Image1Dans les années 80, le politiquement correct impliquait que l’on parle des « Africains », même si les personnes désignées étaient antillaises et se revendiquaient comme telles, même si cette désignation « d’Africains » excluait l’Afrique du Nord et, surtout, déniait la nationalité française de beaucoup. Puis on a commencé à parler des « blacks », comme si l’utilisation du terme anglais — avec un « s » tout de même — permettait d’éviter le chromatisme et lavait le locuteur de tout soupçon raciste ou racialiste. Ce fut la génération « black-blanc-beur » et la grande communion du football.

Depuis quelques années, on assiste à un tournant au sens où des personnes appartenant à ce que l’on appelle les « minorités visibles » revendiquent ce qui était auparavant présenté comme un stigmate : être Noir.
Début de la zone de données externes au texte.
(* Let $\mathcal X\subseteq[0,1]$ be a Borel set with $0,1\in\mathcal X$, fix $\mu\in(0,1)$ and let $I_\mu=[(\mu-1)^{-1},\mu^{-1}]$. Let $E=(E_t)_{t\ge0}$ be an e-process for $\bar{\mathcal H}^\infty_\mu$. For $x\in\mathcal X$ let $E^x=(E^x_t)_{t\ge0}$ be the sequence of Borel functions $E^x_t:\mathcal X^t\to[0,+\infty)$ given by $E^x_t(y^t)=E_{t+1}(x,y^t)$ for $t\ge1$ and $E^x_0=E_1(x)$. Then there is $\lambda_1\in I_\mu$ such that for any $\tau\in\mathcal T$, any $Q\in\bar{\mathcal H}^\infty_\mu$ and any $x\in\mathcal X$, $$\mathbb E_Q[E^x_\tau]\le 1+\lambda_1(x-\mu).$$
   Context: $\mathcal X^\infty$ is the space of sequences in $\mathcal X$ with the product sigma-field generated by cylinder sets; $\mathcal F_t$ is generated by the first $t$ coordinates. $\mathcal T$ is the set of finite stopping times: measurable $\tau:\mathcal X^\infty\to\{0,1,2,\dots\}$ with $\{\tau=t\}\in\mathcal F_t$ for all $t\ge0$; for a sequence $g=(g_s)_{s\ge0}$, $g_\tau(y^\infty)=g_{\tau(y^\infty)}(y^{\tau(y^\infty)})$. $\bar{\mathcal H}^\infty_\mu$ is the set of probability measures $Q$ on $\mathcal X^\infty$ such that, for $X^\infty\sim Q$, the law of $X_1$ has mean $\mu$ and support of at most two points, and for every $t\ge2$ the conditional law of $X_t$ given $X^{t-1}$ has mean $\mu$ and is supported on at most two points, $Q$-almost surely. An e-process for $\bar{\mathcal H}^\infty_\mu$ is a sequence $E=(E_t)_{t\ge0}$ of non-negative Borel functions $E_t:\mathcal X^t\to[0,+\infty)$ ($E_0$ a constant) with $\mathbb E_Q[E_\tau]\le1$ for all $Q\in\bar{\mathcal H}^\infty_\mu$ and all $\tau\in\mathcal T$. *)

theory Defs
  imports "HOL-Probability.Probability"
begin

definition obs_space :: "real set \<Rightarrow> real measure" where
  "obs_space X = restrict_space borel X"

text \<open>X^t: finite prefixes of length t, coordinates 0..t-1 (coordinate i is X_(i+1)).\<close>
definition prefix_space :: "real set \<Rightarrow> nat \<Rightarrow> (nat \<Rightarrow> real) measure" where
  "prefix_space X t = PiM {..<t} (\<lambda>_. obs_space X)"

definition seq_space :: "real set \<Rightarrow> (nat \<Rightarrow> real) measure" where
  "seq_space X = PiM UNIV (\<lambda>_. obs_space X)"

definition pref :: "nat \<Rightarrow> (nat \<Rightarrow> real) \<Rightarrow> (nat \<Rightarrow> real)" where
  "pref t y = restrict y {..<t}"

definition stopping_times :: "real set \<Rightarrow> ((nat \<Rightarrow> real) \<Rightarrow> nat) set" where
  "stopping_times X = {\<tau>. \<tau> \<in> measurable (seq_space X) (count_space UNIV) \<and>
     (\<forall>t. \<exists>A \<in> sets (prefix_space X t).
        {y \<in> space (seq_space X). \<tau> y = t} = {y \<in> space (seq_space X). pref t y \<in> A})}"
lemma separated_double_sum_notin_maximal_ideal:
  fixes t :: "'a::comm_ring_1 set \<Rightarrow> 'a"
  assumes m0: "maximal_ideal m0" and "finite \<M>" and "m0 \<in> \<M>"
    and "t m0 \<notin> m0" and t_in: "\<And>m. m \<in> \<M> \<Longrightarrow> m \<noteq> m0 \<Longrightarrow> t m \<in> m0"
    and "g m0 m0 \<notin> m0"
  shows "(\<Sum>m\<in>\<M>. \<Sum>m'\<in>\<M>. t m * (t m' * g m m')) \<notin> m0"
proof
  define f where "f = (\<lambda>(m, m'). t m * (t m' * g m m'))"
  have I: "is_ideal m0" using m0 by (rule maximal_ideal_is_ideal)
  assume "(\<Sum>m\<in>\<M>. \<Sum>m'\<in>\<M>. t m * (t m' * g m m')) \<in> m0"
  then have sum_in: "sum f (\<M> \<times> \<M>) \<in> m0"
    unfolding f_def by (simp only: sum.cartesian_product)
  have "sum f (\<M> \<times> \<M>) = f (m0, m0) + sum f (\<M> \<times> \<M> - {(m0, m0)})"
    using assms(2,3) by (simp add: sum.remove)
  moreover have "sum f (\<M> \<times> \<M> - {(m0, m0)}) \<in> m0"
  proof (rule is_ideal_sum[OF I])
    fix p assume p: "p \<in> \<M> \<times> \<M> - {(m0, m0)}"
    obtain m m' where p_eq: "p = (m, m')" by fastforce
    have "t m \<in> m0 \<or> t m' \<in> m0"
      using t_in p unfolding p_eq by auto
    then show "f p \<in> m0"
      unfolding f_def p_eq using is_ideal_mult_left[OF I] is_ideal_mult_right[OF I] by auto
  qed
  ultimately have "f (m0, m0) \<in> m0"
    using is_ideal_diff[OF I sum_in] by (metis add_diff_cancel_right')
  moreover have "f (m0, m0) \<notin> m0"
    unfolding f_def using maximal_ideal_mult_notin[OF m0] assms(4,6) by simp
  ultimately show False by contradiction
qed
Ceci n’implique pas forcément un repli communautariste comme s’en inquiètent certains, ni même l’existence d’une « communauté noire ». En 2002, le magazine De l’air avait pour couverture le titre : « Fier d’être Noir ». Stéphane Pocrain, ex porte parole des Verts, y expliquait que la création d’une « Black Pride » — inaugurée cette année-là en France — n’avait pas pour but de proclamer que « black is beautiful » mais de « dire que nous sommes là et que ça pose un sacré problème à la France ». Il ajoutait : « il n’y a pas de communauté noire en France, sinon dans le regard du Blanc. Ce qui nous unit, nous les Noirs en France, ce n’est pas une culture commune. Un Antillais, un Sénégalais ou un Malien n’ont pas la même culture. Non, ce qui nous unit, c’est simplement d’être Noirs en France, avec tout ce que ça signifie de ségrégation, de racisme et d’humiliation ».

Ce positionnement politique est celui du Cran, le Conseil Représentatif des Associations Noires, qui rassemble des intellectuels de tous bords et a organisé des États Généraux des populations noires de France les 28 et 29 avril, avec notamment une table ronde d’universitaires sur la situation des Noirs dans les sciences sociales de la France contemporaine. Selon Pap Ndiaye : « il existe plus de livres publiés en France sur les Noirs américains que sur les Noirs de France » (Ndiaye, 2006, p. 54). Le Cran se pose comme l’unique alternative à des groupes radicaux en voie de structuration. Mais, certains, comme Christiane Taubira, revendiquent aussi la possibilité de faire de la politique sans se cantonner à la « question noire », en reposant la question en termes d’égalité et de disparité sociale. Cette troisième voie — la voie républicaine classique — risque désormais d’être peu écoutée, peut-être même n’est-elle plus audible aujourd’hui.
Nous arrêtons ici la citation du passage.